[Problem statement]
Before doing anything else, copy the entries below exactly.

─── Material to process ───

lemma cost_mu_lam_sub_L2_le:
  fixes V :: "'v set" and E :: "('v \<times> 'v) set"
    and Ci :: "'v \<Rightarrow> 'x::finite \<Rightarrow> real" and Ce :: "'v \<times> 'v \<Rightarrow> 'x \<Rightarrow> 'x \<Rightarrow> real"
    and \<eta> :: real and lam :: "'v \<times> 'v \<Rightarrow> 'v \<Rightarrow> 'x \<Rightarrow> real" and K d \<delta> :: real
  defines "d \<equiv> real (card (UNIV :: 'x set))" and "sn \<equiv> slack_norm \<eta> E Ci Ce lam"
  assumes G: "graph_ok V E" and "\<eta> > 0" and L2: "L2 V E mv me"
    and K: "\<And>i x. i \<in> V \<Longrightarrow> \<bar>Ci i x\<bar> \<le> K" "\<And>e x y. e \<in> E \<Longrightarrow> \<bar>Ce e x y\<bar> \<le> K"
    and "0 \<le> K"
    and \<delta>: "\<And>e i. e \<in> E \<Longrightarrow> i = fst e \<or> i = snd e \<Longrightarrow> sn e i \<le> \<delta>"
    and "0 \<le> \<delta>"
  shows "cost V E Ci Ce (mu_lam_v \<eta> E Ci lam) (mu_lam_e \<eta> Ce lam) - cost V E Ci Ce mv me
    \<le> 4 * d * \<delta> * (real (card V) + real (card E)) * K + K * (\<Sum>e\<in>E. sn e (fst e) + sn e (snd e))
       + (real (card V) + 2 * real (card E)) * ln d / \<eta>"
proof (cases "2 * d * \<delta> \<le> 1")
  case True
  with G \<open>\<eta> > 0\<close> L2 K \<open>0 \<le> K\<close> \<delta> \<open>0 \<le> \<delta>\<close> show ?thesis
    unfolding d_def sn_def by (rule cost_mu_lam_sub_L2_le_small_slack)
next
  \<comment> \<open>for large slack the bound is already implied by \<open>|cost| \<le> (n + m) K\<close> at both points\<close>
  case False
  have "\<bar>cost V E Ci Ce (mu_lam_v \<eta> E Ci lam) (mu_lam_e \<eta> Ce lam)\<bar> \<le> (real (card V) + real (card E)) * K"
    using K sum_mu_lam_v sum_mu_lam_e less_imp_le[OF mu_lam_v_pos] less_imp_le[OF mu_lam_e_pos]
    by (intro abs_cost_distribution_le) (auto simp: simplex_def)
  moreover have "\<bar>cost V E Ci Ce mv me\<bar> \<le> (real (card V) + real (card E)) * K"
    using K L2 L2_edge_mass[OF G L2] by (intro abs_cost_distribution_le) (auto simp: L2_def)
  moreover have "(real (card V) + real (card E)) * K * 1 \<le> (real (card V) + real (card E)) * K * (2 * d * \<delta>)"
    using False \<open>0 \<le> K\<close> by (intro mult_left_mono) auto
  moreover have "K * (\<Sum>e\<in>E. sn e (fst e) + sn e (snd e)) \<ge> 0"
    using \<open>0 \<le> K\<close> by (simp add: sn_def slack_norm_nonneg sum_nonneg)
  moreover have "(real (card V) + 2 * real (card E)) * ln d / \<eta> \<ge> 0"
    using \<open>\<eta> > 0\<close> card_UNIV_pos[where 'a = 'x] by (simp add: d_def)
  ultimately show ?thesis by (simp add: algebra_simps)
qed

───

[Your solution]
lemma cost_mu_lam_sub_L2_le:
  fixes V :: "'v set" and E :: "('v \<times> 'v) set"
    and Ci :: "'v \<Rightarrow> 'x::finite \<Rightarrow> real" and Ce :: "'v \<times> 'v \<Rightarrow> 'x \<Rightarrow> 'x \<Rightarrow> real"
    and \<eta> :: real and lam :: "'v \<times> 'v \<Rightarrow> 'v \<Rightarrow> 'x \<Rightarrow> real" and K d \<delta> :: real
  defines "d \<equiv> real (card (UNIV :: 'x set))" and "sn \<equiv> slack_norm \<eta> E Ci Ce lam"
  assumes G: "graph_ok V E" and "\<eta> > 0" and L2: "L2 V E mv me"
    and K: "\<And>i x. i \<in> V \<Longrightarrow> \<bar>Ci i x\<bar> \<le> K" "\<And>e x y. e \<in> E \<Longrightarrow> \<bar>Ce e x y\<bar> \<le> K"
    and "0 \<le> K"
    and \<delta>: "\<And>e i. e \<in> E \<Longrightarrow> i = fst e \<or> i = snd e \<Longrightarrow> sn e i \<le> \<delta>"
    and "0 \<le> \<delta>"
  shows "cost V E Ci Ce (mu_lam_v \<eta> E Ci lam) (mu_lam_e \<eta> Ce lam) - cost V E Ci Ce mv me
    \<le> 4 * d * \<delta> * (real (card V) + real (card E)) * K + K * (\<Sum>e\<in>E. sn e (fst e) + sn e (snd e))
       + (real (card V) + 2 * real (card E)) * ln d / \<eta>"
proof (cases "2 * d * \<delta> \<le> 1")
  case True
  with G \<open>\<eta> > 0\<close> L2 K \<open>0 \<le> K\<close> \<delta> \<open>0 \<le> \<delta>\<close> show ?thesis
    unfolding d_def sn_def by (rule cost_mu_lam_sub_L2_le_small_slack)
next
  \<comment> \<open>for large slack the bound is already implied by \<open>|cost| \<le> (n + m) K\<close> at both points\<close>
  case False
  have "\<bar>cost V E Ci Ce (mu_lam_v \<eta> E Ci lam) (mu_lam_e \<eta> Ce lam)\<bar> \<le> (real (card V) + real (card E)) * K"
    using K sum_mu_lam_v sum_mu_lam_e less_imp_le[OF mu_lam_v_pos] less_imp_le[OF mu_lam_e_pos]
    by (intro abs_cost_distribution_le) (auto simp: simplex_def)
  moreover have "\<bar>cost V E Ci Ce mv me\<bar> \<le> (real (card V) + real (card E)) * K"
    using K L2 L2_edge_mass[OF G L2] by (intro abs_cost_distribution_le) (auto simp: L2_def)
  moreover have "(real (card V) + real (card E)) * K * 1 \<le> (real (card V) + real (card E)) * K * (2 * d * \<delta>)"
    using False \<open>0 \<le> K\<close> by (intro mult_left_mono) auto
  moreover have "K * (\<Sum>e\<in>E. sn e (fst e) + sn e (snd e)) \<ge> 0"
    using \<open>0 \<le> K\<close> by (simp add: sn_def slack_norm_nonneg sum_nonneg)
  moreover have "(real (card V) + 2 * real (card E)) * ln d / \<eta> \<ge> 0"
    using \<open>\<eta> > 0\<close> card_UNIV_pos[where 'a = 'x] by (simp add: d_def)
  ultimately show ?thesis by (simp add: algebra_simps)
qed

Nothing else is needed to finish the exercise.